We’ve had a lot of respondents to a comment by John, here, in which he is highly critical of the Vermont Refugee Resettlement Program(VRRP).  You can see those other defenders at that post. However, Susan responded to John at this post on unhappy Iraqis in Vermont and I didn’t want her response to go unnoticed.  Here it is:

I am responding to John in an earlier post. Let’s start with the facts about travel loans. The system is far more complex than you even realize. The airfare for refugees is loaned to them not by USCRI, but by the International Office of Migration. IOM is the leading inter-governmental organization in the field of migration and works closely with governmental, intergovernmental and non-governmental partners. USCRI collects loan repayments for IOM and returns those funds to IOM to be re-used for airfare for new refugees – so it is, in essence, a revolving loan fund. There is no cost to the US taxpayer. In the resettlement process refugees are told that the cost of their air travel is loaned to them. Refugees have a grace period of up to 6 months before beginning re-payment on these interest-free loans. If, at that time, a refugee is not employed, he may request a delay of 3 more months.

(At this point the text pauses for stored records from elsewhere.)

(* Let $n\geq1$ and $\eta\in\Omega$. Then the set of vectors $\overline{T_\eta}\subset\mathbb C^{\lambda_{2,n}}$ is linearly independent.
   Context: $n\geq1$ is fixed. $\Lambda_{2,n}=\{\alpha\in\mathbb N^2:1\leq\alpha_1+\alpha_2\leq n\}$, $\lambda_{2,n}=|\Lambda_{2,n}|$; for $v\in\mathbb N^2$, $\bar v=\big(\binom{v_1}{\alpha_1}\binom{v_2}{\alpha_2}\big)_{\alpha\in\Lambda_{2,n}}\in\mathbb C^{\lambda_{2,n}}$. $\Omega$ is the set of sequences $\eta=(z,d_0,d_1,\ldots,d_r)$ with $z\in\{0,1\}$, $d_0=0$, $d_i\in\mathbb N\setminus\{0\}$ for $1\leq i\leq r$, and $\sum_{i=0}^r d_i=n$. For $j\in\{1,\ldots,n\}$ let $t\in\{1,\ldots,r\}$ be the unique index with $\sum_{i=0}^{t-1}d_i<j\leq\sum_{i=0}^t d_i$ and $c=j-\sum_{i=0}^{t-1}d_i$; define $v_{j,\eta}=(\sum_{i\text{ odd},i<t}d_i+c,0)$ if $z=1,t$ odd; $(0,\sum_{i\text{ even},i<t}d_i+c)$ if $z=1,t$ even; $(0,\sum_{i\text{ odd},i<t}d_i+c)$ if $z=0,t$ odd; $(\sum_{i\text{ even},i<t}d_i+c,0)$ if $z=0,t$ even. Set $T_{j,\eta}=\{v_{j,\eta}+p(1,1):0\leq p\leq n-j\}$ for $1\leq j\leq n$, $T_{0,\eta}=\{(p,p):1\leq p\leq n\}$, $T_\eta=\bigcup_{j=0}^nT_{j,\eta}$ and $\overline{T_\eta}=\{\bar v:v\in T_\eta\}$. *)

theory Defs
  imports Complex_Main "HOL-Library.Function_Algebras"
begin

definition Lam :: "nat \<Rightarrow> (nat \<times> nat) set" where
  "Lam n = {a. 1 \<le> fst a + snd a \<and> fst a + snd a \<le> n}"

text \<open>The vector bar v in C^{Lambda_{2,n}}, represented as a function on N^2
  that vanishes outside Lambda_{2,n}.\<close>
definition vbar :: "nat \<Rightarrow> nat \<times> nat \<Rightarrow> (nat \<times> nat \<Rightarrow> complex)" where
  "vbar n v = (\<lambda>a. if a \<in> Lam n then of_nat ((fst v choose fst a) * (snd v choose snd a)) else 0)"

definition Omega :: "nat \<Rightarrow> (nat \<times> nat list) set" where
  "Omega n = {(z, ds). z \<in> {0, 1} \<and> ds \<noteq> [] \<and> ds ! 0 = 0 \<and>
      (\<forall>i\<in>{1..<length ds}. 0 < ds ! i) \<and> sum_list ds = n}"

definition psum :: "nat list \<Rightarrow> nat \<Rightarrow> nat" where
  "psum ds k = (\<Sum>i<k. ds ! i)"

definition tidx :: "nat list \<Rightarrow> nat \<Rightarrow> nat" where
  "tidx ds j = (THE t. 1 \<le> t \<and> t \<le> length ds - 1 \<and> psum ds t < j \<and> j \<le> psum ds (Suc t))"

definition vvec :: "nat \<Rightarrow> nat list \<Rightarrow> nat \<Rightarrow> nat \<times> nat" where
  "vvec z ds j = (let t = tidx ds j; c = j - psum ds t;
      so = (\<Sum>i\<in>{i. i < t \<and> odd i}. ds ! i);
      se = (\<Sum>i\<in>{i. i < t \<and> even i}. ds ! i) in
     if z = 1 then (if odd t then (so + c, 0) else (0, se + c))
     else (if odd t then (0, so + c) else (se + c, 0)))"

definition Tj :: "nat \<Rightarrow> nat \<times> nat list \<Rightarrow> nat \<Rightarrow> (nat \<times> nat) set" where
  "Tj n eta j = (if j = 0 then {(p, p) | p. 1 \<le> p \<and> p \<le> n}
     else {(fst (vvec (fst eta) (snd eta) j) + p, snd (vvec (fst eta) (snd eta) j) + p) | p. p \<le> n - j})"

Now to your other allegations – I wonder where you get your information. VRRP, like most resettlement organizations, is run by a lean but adequate professional staff whose depth and scope is embellished greatly by wonderful networks of trained and supervised volunteers.As the concentric circles widen out, refugees are immediately connected with a variety of organizations and systems that will lend support to them as they begin to lay roots in our communities and slowly integrate into their new society. VRRP provides training and consultation to all of the associated groups and organizations involved and works diligently and cooperatively to do they very best they are able for the refugees who are resettled in our community. In fact, all the community providers meet on a monthly basis with the expressed purpose of sharing information and collaborating more effectively. I would encourage you to contact VRRP and ask if you can have a look at what they are doing, how they do it, and who they collaborate with.

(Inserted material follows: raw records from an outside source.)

definition EL_labeling :: "pt set \<Rightarrow> (pt \<Rightarrow> pt \<Rightarrow> nat) \<Rightarrow> bool" where
  "EL_labeling L lab \<longleftrightarrow>
     (\<forall>u\<in>L. \<forall>v\<in>L. le2 u v \<longrightarrow>
        (\<exists>!zs. max_chain L u v zs \<and> sorted (chain_labels lab zs)) \<and>
        (\<forall>zs zs'. max_chain L u v zs \<and> sorted (chain_labels lab zs) \<and>
                  max_chain L u v zs' \<and> zs' \<noteq> zs \<longrightarrow>
                  lex_less (chain_labels lab zs) (chain_labels lab zs')))"

definition is_c0 :: "pt set \<Rightarrow> nat \<Rightarrow> (nat \<Rightarrow> pt) \<Rightarrow> bool" where
  "is_c0 L d x \<longleftrightarrow>
     x 0 = (0, 0) \<and> x (d + 1) = topL L \<and>
     (\<forall>t\<le>d. covers L (x t) (x (Suc t))) \<and>
     (\<forall>k l. (k, l) \<in> L \<longrightarrow> (\<exists>t\<le>d+1. fst (x t) = k) \<longrightarrow>
            (\<exists>t\<le>d+1. fst (x t) = k \<and> l \<le> snd (x t)))"

text \<open>The labeling lambda induced by c_0: a horizontal edge (i,j)->(i+1,j) gets label t+1
  where x_t -> x_{t+1} is the horizontal step of c_0 from column i; a vertical edge
  (i,j)->(i,j+1) gets label t+1 where x_t -> x_{t+1} is the vertical step of c_0 from row j.\<close>
definition c0_label :: "nat \<Rightarrow> (nat \<Rightarrow> pt) \<Rightarrow> pt \<Rightarrow> pt \<Rightarrow> nat" where
  "c0_label d x a b =
     (if fst b = Suc (fst a) then
        Suc (LEAST t. t \<le> d \<and> fst (x t) = fst a \<and> fst (x (Suc t)) = Suc (fst (x t)))
      else
        Suc (LEAST t. t \<le> d \<and> snd (x t) = snd a \<and> snd (x (Suc t)) = Suc (snd (x t))))"

end

theory Submission
  imports Defs
begin

text \<open>Every cover of \<open>L\<close> is a unit step to the right or up.  The label of a right step
  leaving column \<open>i\<close> is one more than the time at which \<open>c\<^sub>0\<close> leaves column \<open>i\<close>, and
  similarly for up steps and rows; since \<open>c\<^sub>0\<close> is monotone and makes exactly one kind of
  step at each time, column labels increase with the column, row labels increase with the row,
  and no column label equals a row label.  Hence along every maximal chain of \<open>[u, v]\<close> the
  labels are distinct and form the same set: the labels of the columns \<open>fst u ..< fst v\<close> and
  of the rows \<open>snd u ..< snd v\<close>.  A chain is determined by its label sequence, and among the
  arrangements of a fixed set of distinct labels the increasing one is lexicographically least,
  so it suffices to build an increasing chain.  From \<open>u\<close> take the step with the smaller of
  the two candidate labels: if it is the right step, then \<open>c\<^sub>0\<close> left column \<open>fst u\<close> at a
  point weakly below \<open>u\<close>, and the join of that point with \<open>u\<close> is the right neighbour of \<open>u\<close>,
  which therefore lies in \<open>L\<close>.\<close>

lemma le2_refl [simp]: "le2 a a"
  by (simp add: le2_def)

lemma le2_trans: "le2 a b \<Longrightarrow> le2 b c \<Longrightarrow> le2 a c"
  unfolding le2_def by auto

lemma le2_stepwise:
  assumes "\<And>s. Suc s < n \<Longrightarrow> le2 (f s) (f (Suc s))" "i \<le> k" "k < n"
  shows "le2 (f i) (f k)"
  using assms(2,3) by (induction k rule: dec_induct) (auto intro: le2_trans assms(1))

definition step_right :: "pt \<Rightarrow> pt" where
  "step_right a = (Suc (fst a), snd a)"

definition step_up :: "pt \<Rightarrow> pt" where
  "step_up a = (fst a, Suc (snd a))"

lemma le2_step_right_iff: "le2 (step_right a) b \<longleftrightarrow> le2 a b \<and> fst a < fst b"
  unfolding le2_def step_right_def by auto

lemma le2_step_up_iff: "le2 (step_up a) b \<longleftrightarrow> le2 a b \<and> snd a < snd b"
  unfolding le2_def step_up_def by auto

lemma rk_step_right [simp]: "rk (step_right a) = Suc (rk a)"
  and rk_step_up [simp]: "rk (step_up a) = Suc (rk a)"
  unfolding rk_def step_right_def step_up_def by simp_all

lemma step_right_neq_step_up [simp]: "step_right a \<noteq> step_up a" "step_up a \<noteq> step_right a"
  unfolding step_right_def step_up_def by (auto simp: prod_eq_iff)

subsection \<open>Crossing times of a sequence with unit increments\<close>

lemma unit_increment_crossing:
  fixes g :: "nat \<Rightarrow> nat"
  assumes "g 0 \<le> i" "i < g (Suc d)" "\<forall>t\<le>d. g (Suc t) \<le> Suc (g t)"
  shows "\<exists>t\<le>d. g t = i \<and> g (Suc t) = Suc i"
  using assms
proof (induction d)
  case 0 then show ?case by force
next
  case (Suc d)
  show ?case
  proof (cases "i < g (Suc d)")
    case True
    with Suc obtain t where "t \<le> d" "g t = i \<and> g (Suc t) = Suc i" by auto
    then show ?thesis by (intro exI[of _ t]) auto
  next
    case False
    moreover have "g (Suc (Suc d)) \<le> Suc (g (Suc d))" using Suc.prems(3) by auto
    ultimately have "g (Suc d) = i" "g (Suc (Suc d)) = Suc i"
      using Suc.prems(2) by linarith+
    then show ?thesis by (intro exI[of _ "Suc d"]) auto
  qed
qed

definition first_crossing :: "(nat \<Rightarrow> nat) \<Rightarrow> nat \<Rightarrow> nat \<Rightarrow> nat" where
  "first_crossing g d i = (LEAST t. t \<le> d \<and> g t = i \<and> g (Suc t) = Suc (g t))"

lemma first_crossing_crosses:
  fixes g :: "nat \<Rightarrow> nat"
  assumes "g 0 \<le> i" "i < g (Suc d)" "\<forall>t\<le>d. g (Suc t) \<le> Suc (g t)"
  shows "first_crossing g d i \<le> d \<and> g (first_crossing g d i) = i \<and>
         g (Suc (first_crossing g d i)) = Suc i"
proof -
  have "\<exists>t. t \<le> d \<and> g t = i \<and> g (Suc t) = Suc (g t)"
    using unit_increment_crossing[OF assms] by auto
  from LeastI_ex[OF this] show ?thesis
    unfolding first_crossing_def by simp
qed

lemma first_crossing_strict_mono:
  fixes g :: "nat \<Rightarrow> nat"
  assumes steps: "\<forall>t\<le>d. g (Suc t) \<le> Suc (g t)"
    and mono: "\<And>t t'. t \<le> t' \<Longrightarrow> t' \<le> Suc d \<Longrightarrow> g t \<le> g t'"
    and "g 0 \<le> i" "i < i'" "i' < g (Suc d)"
  shows "first_crossing g d i < first_crossing g d i'"
proof (rule ccontr)
  assume "\<not> ?thesis"
  moreover have "first_crossing g d i \<le> d" "g (first_crossing g d i) = i"
    and "g (first_crossing g d i') = i'"
    using first_crossing_crosses[OF _ _ steps] assms(3-5) by auto
  ultimately have "i' \<le> i" using mono[of "first_crossing g d i'" "first_crossing g d i"] by simp
  with \<open>i < i'\<close> show False by simp
qed

lemma max_chain_singleton [simp]: "max_chain L u v [a] \<longleftrightarrow> a = u \<and> v = u"
  unfolding max_chain_def by auto

lemma max_chain_Cons_Cons:
  "max_chain L u v (a # b # r) \<longleftrightarrow> a = u \<and> covers L u b \<and> max_chain L b v (b # r)"
  unfolding max_chain_def by (auto simp: All_less_Suc2)

lemma chain_labels_singleton [simp]: "chain_labels f [a] = []"
  unfolding chain_labels_def by simp

lemma chain_labels_Cons_Cons [simp]:
  "chain_labels f (a # b # r) = f a b # chain_labels f (b # r)"
  unfolding chain_labels_def by simp

lemma sorted_lexord_less:
  fixes l1 l2 :: "'a::linorder list"
  assumes "sorted l1" "distinct l1" "distinct l2" "set l1 = set l2" "l1 \<noteq> l2"
  shows "(l1, l2) \<in> lexord {(a, b). a < b}"
  using assms
proof (induction l1 arbitrary: l2)
  case Nil then show ?case by simp
next
  case (Cons a r)
  then obtain b r2 where l2: "l2 = b # r2" by (cases l2) auto
  show ?case
  proof (cases "a = b")
    case True
    then have "set r = set r2" using Cons.prems l2 by auto
    then show ?thesis using Cons l2 True by auto
  next
    case False
    then have "b \<in> set r" using Cons.prems l2 by (metis list.set_intros(1) set_ConsD)
    then show ?thesis using Cons.prems False l2 by auto
  qed
qed

subsection \<open>Covers in a planar distributive lattice\<close>

lemma exists_unit_step_below:
  assumes pdl: "planar_distributive_lattice L"
    and "u \<in> L" "v \<in> L" "le2 u v" "u \<noteq> v"
  shows "\<exists>w\<in>L. (w = step_right u \<or> w = step_up u) \<and> le2 w v"
proof -
  obtain zs where zs: "zs \<noteq> []" "hd zs = u" "last zs = v" "set zs \<subseteq> L"
    "\<forall>s. Suc s < length zs \<longrightarrow> le2 (zs ! s) (zs ! Suc s) \<and> rk (zs ! Suc s) = rk (zs ! s) + 1"
    using pdl assms unfolding planar_distributive_lattice_def by blast
  have "length zs \<noteq> 1"
    using zs(1-3) \<open>u \<noteq> v\<close> by (cases zs) auto
  then have len: "1 < length zs" using zs(1) by (cases zs) auto
  have u: "zs ! 0 = u" and v: "zs ! (length zs - 1) = v"
    using zs(1-3) by (simp_all add: hd_conv_nth last_conv_nth)
  have "zs ! 1 \<in> L" using zs(4) len by auto
  moreover have "le2 u (zs ! 1)" "rk (zs ! 1) = rk u + 1"
    using zs(5)[rule_format, of 0] len u by auto
  then have "zs ! 1 = step_right u \<or> zs ! 1 = step_up u"
    unfolding le2_def rk_def step_right_def step_up_def by (cases u, cases "zs ! 1") auto
  moreover have "le2 (zs ! 1) v"
    using le2_stepwise[of "length zs" "(!) zs" 1 "length zs - 1"] zs(5) len v by auto
  ultimately show ?thesis by blast
qed

lemma covers_unit_step:
  assumes pdl: "planar_distributive_lattice L" and "covers L a b"
  shows "b = step_right a \<or> b = step_up a"
proof -
  have ab: "a \<in> L" "b \<in> L" "lt2 a b" and no_between: "\<not> (\<exists>c\<in>L. lt2 a c \<and> lt2 c b)"
    using assms(2) unfolding covers_def by auto
  obtain w where w: "w \<in> L" "w = step_right a \<or> w = step_up a" "le2 w b"
    using exists_unit_step_below[OF pdl] ab unfolding lt2_def by blast
  have "lt2 a w" using w(2)
    unfolding lt2_def le2_def step_right_def step_up_def by (auto simp: prod_eq_iff)
  then have "w = b" using no_between w ab(2) unfolding lt2_def by blast
  with w show ?thesis by simp
qed

lemma unit_step_covers:
  assumes "a \<in> L" "b \<in> L" "b = step_right a \<or> b = step_up a"
  shows "covers L a b"
proof -
  have "lt2 a b" "rk b = Suc (rk a)" using assms(3)
    unfolding lt2_def le2_def step_right_def step_up_def rk_def by (auto simp: prod_eq_iff)
  moreover have "rk a < rk c" "rk c < rk b" if "lt2 a c" "lt2 c b" for c
    using that unfolding lt2_def le2_def rk_def by (auto simp: prod_eq_iff)
  ultimately show ?thesis using assms(1,2) unfolding covers_def by fastforce
qed

lemma max_chain_le2: "max_chain L u v zs \<Longrightarrow> le2 u v"
proof (induction zs arbitrary: u)
  case Nil then show ?case by (simp add: max_chain_def)
next
  case (Cons a zs)
  then show ?case
    by (cases zs) (auto simp: max_chain_Cons_Cons covers_def lt2_def intro: le2_trans)
qed

subsection \<open>The labels induced by the chain \<open>c\<^sub>0\<close>\<close>

locale c0_chain =
  fixes L :: "pt set" and d :: nat and x :: "nat \<Rightarrow> pt"
  assumes pdl: "planar_distributive_lattice L"
    and c0: "is_c0 L d x"
begin

definition col_label :: "nat \<Rightarrow> nat" where
  "col_label i = Suc (first_crossing (\<lambda>t. fst (x t)) d i)"

definition row_label :: "nat \<Rightarrow> nat" where
  "row_label j = Suc (first_crossing (\<lambda>t. snd (x t)) d j)"

lemma c0_label_eq:
  "c0_label d x a b = (if fst b = Suc (fst a) then col_label (fst a) else row_label (snd a))"
  unfolding c0_label_def col_label_def row_label_def first_crossing_def by simp

lemma c0_label_step_right [simp]: "c0_label d x a (step_right a) = col_label (fst a)"
  and c0_label_step_up [simp]: "c0_label d x a (step_up a) = row_label (snd a)"
  by (simp_all add: c0_label_eq step_right_def step_up_def)

lemma x_covers: "t \<le> d \<Longrightarrow> covers L (x t) (x (Suc t))"
  using c0 unfolding is_c0_def by auto

lemma x_mem: "t \<le> Suc d \<Longrightarrow> x t \<in> L"
  using x_covers[of t] x_covers[of "t - 1"] unfolding covers_def
  by (cases t) (auto simp: le_Suc_eq)

lemma x_unit_step: "t \<le> d \<Longrightarrow> x (Suc t) = step_right (x t) \<or> x (Suc t) = step_up (x t)"
  using covers_unit_step[OF pdl x_covers] by blast

lemma x_le2_Suc: "t \<le> d \<Longrightarrow> le2 (x t) (x (Suc t))"
  using x_covers unfolding covers_def lt2_def by blast

lemma x_mono: "t \<le> t' \<Longrightarrow> t' \<le> Suc d \<Longrightarrow> le2 (x t) (x t')"
  by (rule le2_stepwise[where n = "Suc (Suc d)"]) (auto intro: x_le2_Suc)

lemma le2_top: "v \<in> L \<Longrightarrow> le2 v (x (Suc d))"
  using c0 pdl unfolding is_c0_def topL_def le2_def planar_distributive_lattice_def by simp

lemma x_zero: "x 0 = (0, 0)"
  using c0 unfolding is_c0_def by simp

lemma x_unit_increments:
  "\<forall>t\<le>d. fst (x (Suc t)) \<le> Suc (fst (x t))" "\<forall>t\<le>d. snd (x (Suc t)) \<le> Suc (snd (x t))"
  using x_unit_step by (fastforce simp: step_right_def step_up_def)+

lemma col_crossing:
  assumes "i < fst (x (Suc d))"
  obtains t where "t \<le> d" "col_label i = Suc t" "fst (x t) = i" "x (Suc t) = step_right (x t)"
proof -
  define t where "t = first_crossing (\<lambda>t. fst (x t)) d i"
  have t: "t \<le> d" "fst (x t) = i" "fst (x (Suc t)) = Suc i"
    using first_crossing_crosses[of "\<lambda>t. fst (x t)" i d] assms x_zero x_unit_increments
    unfolding t_def by auto
  then have "x (Suc t) = step_right (x t)"
    using x_unit_step[of t] by (auto simp: step_up_def)
  with t show ?thesis
    using that unfolding col_label_def t_def by blast
qed

lemma row_crossing:
  assumes "j < snd (x (Suc d))"
  obtains t where "t \<le> d" "row_label j = Suc t" "snd (x t) = j" "x (Suc t) = step_up (x t)"
proof -
  define t where "t = first_crossing (\<lambda>t. snd (x t)) d j"
  have t: "t \<le> d" "snd (x t) = j" "snd (x (Suc t)) = Suc j"
    using first_crossing_crosses[of "\<lambda>t. snd (x t)" j d] assms x_zero x_unit_increments
    unfolding t_def by auto
  then have "x (Suc t) = step_up (x t)"
    using x_unit_step[of t] by (auto simp: step_right_def)
  with t show ?thesis
    using that unfolding row_label_def t_def by blast
qed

John, we are fortunate in Vermont to have refugees from many nations gracing our communities – going to school with our children, collaborating with us in the workplace, relaxing in our beautiful parks and lake, and adding their experiences and wisdom to the greater store of community assets we all enjoy. We are humbled by the resilience, the bravery, the fortitude, and the hard work of our newest neighbors whose life experiences in countries experiencing extreme political upheaval have forced them to add a new aspect to their personal identity and become refugees. We are equally fortunate in Vermont to have a strong network of professionals and community members who diligently work to ease what is an unfathomably transition for our refugee friends out of war zones, home cultures, family and community ties, livelihoods, worldviews and longstanding homes and into a new chapter of their lives.

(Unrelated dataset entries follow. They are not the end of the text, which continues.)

(* Assume $0\le\gamma\le2$, (H1) and (H2). Let $f$ be measurable with $0\le f\le1$ and $\|f\|_{1,2}<\infty$, and suppose that for some $\bar v\in\mathbb{R}^3$, $\delta>0$ and $0<\epsilon<1$ we have $f(v)\ge\epsilon$ whenever $|v-\bar v|\le\delta$. Then there exist constants $C_1,C_2>0$ depending only on $\gamma,C_b,c_b$ such that for every $0<\eta<1-\frac1{\sqrt2}$ and every $v$ with $\delta<|v-\bar v|\le\sqrt2\,\delta(1-\eta)$, $$Q_1(f,f,1-f)(v)\ge\delta^{3+\gamma}\epsilon^2\Big(C_1\eta^{5/2}-C_2\min\{\delta^{-3}\|f\|_{1,2}^{3/5},1\}\Big).$$ If moreover $f(v)\le1-\epsilon$ whenever $|v-\bar v|\le\delta$, then there is $C_3>0$ depending only on $\gamma$ and $c_b$ such that for the same $\eta,v$, $$Q_1(f,f,1-f)(v)\ge C_3\delta^{3+\gamma}\eta^{5/2}\epsilon^3,\qquad Q_1(1-f,1-f,f)(v)\ge C_3\delta^{3+\gamma}\eta^{5/2}\epsilon^3.$$
   Context: Throughout, $v,v_*\in\mathbb{R}^3$, $\sigma\in\mathbb{S}^2$, and the post-collisional velocities are $v'=\frac{v+v_*}{2}+\frac{|v-v_*|}{2}\sigma$, $v'_*=\frac{v+v_*}{2}-\frac{|v-v_*|}{2}\sigma$; the angle $\theta\in[0,\pi]$ is defined by $\cos\theta=\frac{v-v_*}{|v-v_*|}\cdot\sigma$. The collision kernel is $B(v-v_*,\sigma)=|v-v_*|^\gamma b(\cos\theta)$ with $\gamma\ge0$ and $b\ge0$ measurable with $b(\cos(\pi-\theta))=b(\cos\theta)$. (H1): $0<C_b:=2\pi\int_0^\pi b(\cos\theta)\sin\theta\,d\theta<\infty$. (H2): there is $c_b>0$ with $b(\cos\theta)>c_b$ for $\theta\in[\pi/4,3\pi/4]$. $\|f\|_{1,s}=\int_{\mathbb{R}^3}|f(v)|(1+|v|^2)^{s/2}dv$. For measurable $f_1,f_2,f_3\ge0$: $Q_1(f_1,f_2,f_3)(v)=\int_{\mathbb{R}^3\times\mathbb{S}^2}B(v-v_*,\sigma)f_1(v')f_2(v'_* )f_3(v_* )\,d\sigma\,dv_*$. *)

theory Defs
  imports "HOL-Analysis.Analysis"
begin

type_synonym vec3 = "real^3"

text \<open>Integral over the unit sphere S^2 with respect to the surface measure,
  defined via the cone measure: the surface measure of A equals
  3 times the Lebesgue measure of the cone {r x | 0 < r \<le> 1, x \<in> A}.\<close>
definition sphere_nn_integral :: "(vec3 \<Rightarrow> ennreal) \<Rightarrow> ennreal" where
  "sphere_nn_integral g = 3 * (\<integral>\<^sup>+ x. indicator (ball 0 1) x * g (sgn x) \<partial>lborel)"

definition vpost :: "vec3 \<Rightarrow> vec3 \<Rightarrow> vec3 \<Rightarrow> vec3" where
  "vpost v vs \<sigma> = (1/2) *\<^sub>R (v + vs) + (norm (v - vs) / 2) *\<^sub>R \<sigma>"

definition vpost_star :: "vec3 \<Rightarrow> vec3 \<Rightarrow> vec3 \<Rightarrow> vec3" where
  "vpost_star v vs \<sigma> = (1/2) *\<^sub>R (v + vs) - (norm (v - vs) / 2) *\<^sub>R \<sigma>"

definition cos_theta :: "vec3 \<Rightarrow> vec3 \<Rightarrow> vec3 \<Rightarrow> real" where
  "cos_theta v vs \<sigma> = ((v - vs) \<bullet> \<sigma>) / norm (v - vs)"

definition kernelB :: "real \<Rightarrow> (real \<Rightarrow> real) \<Rightarrow> vec3 \<Rightarrow> vec3 \<Rightarrow> vec3 \<Rightarrow> real" where
  "kernelB \<gamma> b v vs \<sigma> = norm (v - vs) powr \<gamma> * b (cos_theta v vs \<sigma>)"

definition Q1 :: "real \<Rightarrow> (real \<Rightarrow> real) \<Rightarrow> (vec3 \<Rightarrow> real) \<Rightarrow> (vec3 \<Rightarrow> real)
    \<Rightarrow> (vec3 \<Rightarrow> real) \<Rightarrow> vec3 \<Rightarrow> ennreal" where
  "Q1 \<gamma> b f1 f2 f3 v = (\<integral>\<^sup>+ vs. sphere_nn_integral (\<lambda>\<sigma>.
      ennreal (kernelB \<gamma> b v vs \<sigma> * f1 (vpost v vs \<sigma>) * f2 (vpost_star v vs \<sigma>) * f3 vs)) \<partial>lborel)"

definition Cb_of :: "(real \<Rightarrow> real) \<Rightarrow> ennreal" where
  "Cb_of b = 2 * ennreal pi * (\<integral>\<^sup>+ \<theta>. indicator {0..pi} \<theta> * ennreal (b (cos \<theta>) * sin \<theta>) \<partial>lborel)"

definition norm1s :: "real \<Rightarrow> (vec3 \<Rightarrow> real) \<Rightarrow> ennreal" where
  "norm1s s f = (\<integral>\<^sup>+ v. ennreal (\<bar>f v\<bar> * (1 + norm v ^ 2) powr (s / 2)) \<partial>lborel)"

definition admissible_b :: "(real \<Rightarrow> real) \<Rightarrow> bool" where
  "admissible_b b \<longleftrightarrow> b \<in> borel_measurable borel \<and> (\<forall>t\<in>{-1..1}. b t \<ge> 0)
     \<and> (\<forall>\<theta>\<in>{0..pi}. b (cos (pi - \<theta>)) = b (cos \<theta>))"

end

theory Submission
  imports Defs
begin

(*
  Take v_* in the ball of radius delta sqrt(eta) / 10 around vbar, and sigma in the band
  |sigma . n| <= eta / 4 orthogonal to n = (v - vbar) + (v_* - vbar). Then both post-collisional
  velocities fall into the ball B(vbar, delta) on which f >= epsilon, the deviation angle lies in
  [pi/4, 3 pi/4] so that b > c_b, and |v - v_*| >= delta / 2. The band has surface measure of
  order eta and the ball of admissible v_* has volume of order delta^3 eta^(3/2); this gives
  delta^(3+gamma) eta^(5/2) epsilon^2 times the mean of the third argument of Q1 over that ball.
  That mean is at least epsilon under the two-sided bound on f. For the third argument 1 - f it is
  the volume of the ball minus the mass of f, and the mass is at most
  |B_R| + ||f||_{1,2} / R^2 <= C ||f||_{1,2}^(3/5).
*)

lemma prod_3: "prod f (UNIV::3 set) = f 1 * f 2 * f 3"
  unfolding UNIV_3 by (simp add: ac_simps)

The Vermont Refugee Resettlement program is a central and important partner in this process. It sits at the nexus of a much larger supporting group of organizations, professionals and community members who are also dedicated to support the family in its initial transition and across time as they become more deeply integrated into the community. There is no perfect process. Each person who becomes a refugee is a unique individual with a story that began before their lives deteriorated in their home countries and they were forced to become refugees. Each US community that opens their hearts and doors to those living the trauma of the refugee experience has its own unique character and is subject to the changing economic and political winds that buffet us all. Vermont is no different in that sense. Our small size, however, brings us into much closer proximity to all of those around us. We know a bit more about the circumstances of peoples lives in this small state than others in larger settings are likely to. So take the initiative instead of the soapbox. Instead of bashing – build. Understand the strengths and the limitations of this soul deepening enterprise – and please don’t bash the very individuals who work 24/7 to support these families.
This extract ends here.